Owen Toews wrote a short and weird novel about how to talk about geography. That word, here, means both 1) the organization of human life in space across the earth’s surface; and 2) the process of trying to understand and explain those patterns and dynamics to other people.
What human geography means in practice probably seems murky even to fans of some of the field’s leading public intellectuals, whether Ruth Wilson Gilmore or David Harvey. It’s not a question of “Where is Nebraska?” Gilmore explained to the joy of militant geographers everywhere, but of “Why is Nebraska?” Maintaining your fascination even on the second, arguably richer question isn’t always the easiest thing to be able to do. Maintaining someone else’s—well, good luck. For those who think of geographic analysis as providing maps for the campaigns that can change that world, as Gilmore and Harvey certainly do, there are real stakes to making that “why” fascinating enough to the right people at the right time.

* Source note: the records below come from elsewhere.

lemma ln_det_le_trace_minus_dim:
  fixes M :: "complex^'n^'n::finite"
  assumes pos: "\<And>x l. x \<noteq> 0 \<Longrightarrow> M *v x = l *s x \<Longrightarrow> Im l = 0 \<and> Re l > 0"
  shows "Im (det M) = 0 \<and> Re (det M) > 0 \<and> ln (Re (det M)) \<le> Re (trace M) - real CARD('n)"
proof (rule det_trace_eigenvalue_list[of M])
  fix es :: "complex list"
  assume "length es = CARD('n)" "det M = prod_list es" "trace M = sum_list es"
    and "\<And>e. e \<in> set es \<Longrightarrow> \<exists>x. x \<noteq> 0 \<and> M *v x = e *s x"
  then show ?thesis using ln_prod_list_le_sum_list[of es] pos by metis
qed

lemma det_four_block_mat_swap:
  fixes A B C D :: "'a::comm_ring_1 Matrix.mat"
  assumes "A \<in> carrier_mat n n" "B \<in> carrier_mat n n" "C \<in> carrier_mat n n" "D \<in> carrier_mat n n"
  shows "Determinant.det (four_block_mat A B C D) = Determinant.det (four_block_mat D C B A)"
proof -
  let ?M = "four_block_mat A B C D"
  define M' where "M' = Matrix.mat (n + n) (n + n)
    (\<lambda>(i,j). ?M $$ ((if i < n then i + n else i - n), j))"
  have "?M \<in> carrier_mat (n + n) (n + n)" using assms by auto
  then have "Determinant.det ?M = (-1)^(n * n) * Determinant.det M'"
    unfolding M'_def by (rule det_swap_rows)
  also have "Determinant.det M' = (-1)^(n * n) * Determinant.det (Matrix.mat (n + n) (n + n)
      (\<lambda>(i,j). M' $$ (i, (if j < n then j + n else j - n))))"
    by (rule det_swap_cols) (simp add: M'_def)
  also have "Matrix.mat (n + n) (n + n) (\<lambda>(i,j). M' $$ (i, (if j < n then j + n else j - n)))
      = four_block_mat D C B A"
    unfolding M'_def using assms by (rule_tac eq_matI) auto
  finally show ?thesis by (simp add: power_add[symmetric])
qed

text \<open>Sylvester's identity: both sides are determinants of the block matrix \<open>[[I, -X], [Y, I]]\<close>.\<close>

lemma det_one_plus_mult_commute:
  fixes X Y :: "complex^'n^'n::finite"
  shows "det (mat 1 + X ** Y) = det (mat 1 + Y ** X)"
proof -
  let ?n = "CARD('n)" and ?I = "1\<^sub>m CARD('n)"
  let ?X = "jnf_of X" and ?Y = "jnf_of Y"
  have c: "?X \<in> carrier_mat ?n ?n" "?Y \<in> carrier_mat ?n ?n" "?I \<in> carrier_mat ?n ?n" by auto
  have "det (mat 1 + X ** Y) = Determinant.det (?I * ?I - (- ?X) * ?Y)"
    unfolding det_jnf_of[symmetric] using c
    by (rule_tac arg_cong[of _ _ Determinant.det], rule_tac eq_matI)
      (auto simp: jnf_of_add jnf_of_mult jnf_of_one)
  also have "\<dots> = Determinant.det (four_block_mat ?I (- ?X) ?Y ?I)"
    by (rule det_four_block_mat[symmetric]) (use c in auto)
  also have "\<dots> = Determinant.det (four_block_mat ?I ?Y (- ?X) ?I)"
    by (rule det_four_block_mat_swap) (use c in auto)
  also have "\<dots> = Determinant.det (?I * ?I - ?Y * (- ?X))"
    by (rule det_four_block_mat) (use c in auto)
  also have "\<dots> = det (mat 1 + Y ** X)"
    unfolding det_jnf_of[symmetric] using c
    by (rule_tac arg_cong[of _ _ Determinant.det], rule_tac eq_matI)
      (auto simp: jnf_of_add jnf_of_mult jnf_of_one)
  finally show ?thesis .
qed
lemma sum_gcd_eq_sum_totient:
  fixes f :: "nat \<Rightarrow> 'a::comm_semiring_1"
  assumes "0 < k"
  shows "(\<Sum>m<k. f (gcd m k)) = (\<Sum>d | d dvd k. of_nat (totient (k div d)) * f d)"
proof -
  have "(\<Sum>m<k. f (gcd m k)) = (\<Sum>m\<in>{0<..k}. f (gcd m k))"
    by (rule sum.reindex_bij_witness[where j = "\<lambda>m. if m = 0 then k else m"
          and i = "\<lambda>m. if m = k then 0 else m"]) (use assms in auto)
  also have "\<dots> = (\<Sum>d | d dvd k. \<Sum>m \<in> {m \<in> {0<..k}. gcd m k = d}. f (gcd m k))"
    by (rule sum.group[symmetric]) (use assms in auto)
  also have "\<dots> = (\<Sum>d | d dvd k. of_nat (totient (k div d)) * f d)"
  proof (rule sum.cong[OF refl])
    fix d assume "d \<in> {d. d dvd k}"
    then have "card {m \<in> {0<..k}. gcd m k = d} = totient (k div d)"
      using card_gcd_eq_totient[OF assms] by simp
    moreover have "(\<Sum>m \<in> {m \<in> {0<..k}. gcd m k = d}. f (gcd m k))
        = (\<Sum>m \<in> {m \<in> {0<..k}. gcd m k = d}. f d)"
      by (rule sum.cong) simp_all
    ultimately show "(\<Sum>m \<in> {m \<in> {0<..k}. gcd m k = d}. f (gcd m k))
        = of_nat (totient (k div d)) * f d"
      by simp
  qed
  finally show ?thesis .
qed

section \<open>The cokernel of \<open>Id - (1 2 \<dots> k) \<otimes> \<gamma>\<close>\<close>

lemma bij_betw_image_equiv_class:
  assumes "bij_betw f A A" and "r \<subseteq> A \<times> A"
    and "\<And>x y. x \<in> A \<Longrightarrow> y \<in> A \<Longrightarrow> (f x, f y) \<in> r \<longleftrightarrow> (x, y) \<in> r" and "x \<in> A"
  shows "f ` (r `` {x}) = r `` {f x}"
proof
  show "f ` (r `` {x}) \<subseteq> r `` {f x}" using assms(2-4) by auto
  show "r `` {f x} \<subseteq> f ` (r `` {x})"
  proof
    fix z assume "z \<in> r `` {f x}"
    moreover from this obtain y where "y \<in> A" "z = f y"
      using assms(1,2) by (auto simp: bij_betw_def)
    ultimately show "z \<in> f ` (r `` {x})" using assms(3,4) by auto
  qed
qed

definition twisted_sum :: "nat \<Rightarrow> int^2^2 \<Rightarrow> (nat \<Rightarrow> int^2) \<Rightarrow> int^2" where
  "twisted_sum k g u = (\<Sum>j<k. mpow g (k - j) *v u j)"

definition slot0 :: "int^2 \<Rightarrow> nat \<Rightarrow> int^2" where
  "slot0 x = (\<lambda>j. if j = 0 then x else 0)"

definition orbit_slots :: "nat \<Rightarrow> int^2^2 \<Rightarrow> int^2 \<Rightarrow> nat \<Rightarrow> int^2" where
  "orbit_slots k g y = (\<lambda>i. if i < k then mpow g i *v y else 0)"

definition partial_twisted_sums :: "nat \<Rightarrow> int^2^2 \<Rightarrow> (nat \<Rightarrow> int^2) \<Rightarrow> nat \<Rightarrow> int^2" where
  "partial_twisted_sums k g u = (\<lambda>i. if i < k then (\<Sum>j\<le>i. mpow g (i - j) *v u j) else 0)"

lemma slot0_Zvec: "0 < k \<Longrightarrow> slot0 x \<in> Zvec k"
  by (simp add: Zvec_def slot0_def)

lemma Zvec_diff: "u \<in> Zvec k \<Longrightarrow> v \<in> Zvec k \<Longrightarrow> u - v \<in> Zvec k"
  by (simp add: Zvec_def)

lemma cyc_perm_0: "0 < k \<Longrightarrow> cyc_perm k u 0 = u (k - 1)"
  by (simp add: cyc_perm_def cyc_tensor_def)

lemma cyc_perm_Suc: "Suc i < k \<Longrightarrow> cyc_perm k u (Suc i) = u i"
  by (simp add: cyc_perm_def cyc_tensor_def)

lemma cyc_perm_Zvec: "cyc_perm k u \<in> Zvec k"
  by (simp add: Zvec_def cyc_perm_def cyc_tensor_def)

Island Falls (ARP Books, 2023) is narrated by a graduate student in geography at a “former department store” in midtown Manhattan observing and learning from another graduate student in geography. This second student, a reluctant protagonist named Jan, got himself sucked from a Canadian prairie home into this central place in order to find the means of understanding why the part of the planet he comes from is the way it is. Navigating a New York that could as uneasily be a decade ago as 40 years in the future, the characters try to figure out what they’re doing taking workshops, planning occupations, playing basketball, getting evicted, and writing term papers. What could be grim insider baseball—I’m likely a bad judge, being a geographer, too—plays as something different, a back-and-forth between research and presentation that leaks out of the field. The book’s cramped episodes of a clumsy life spent figuring things out, and the fitful attempts to do something with it, stage a quietly unsettling challenge for writers with politics, asking us to think about what it is we think we’re doing, and how to do it better.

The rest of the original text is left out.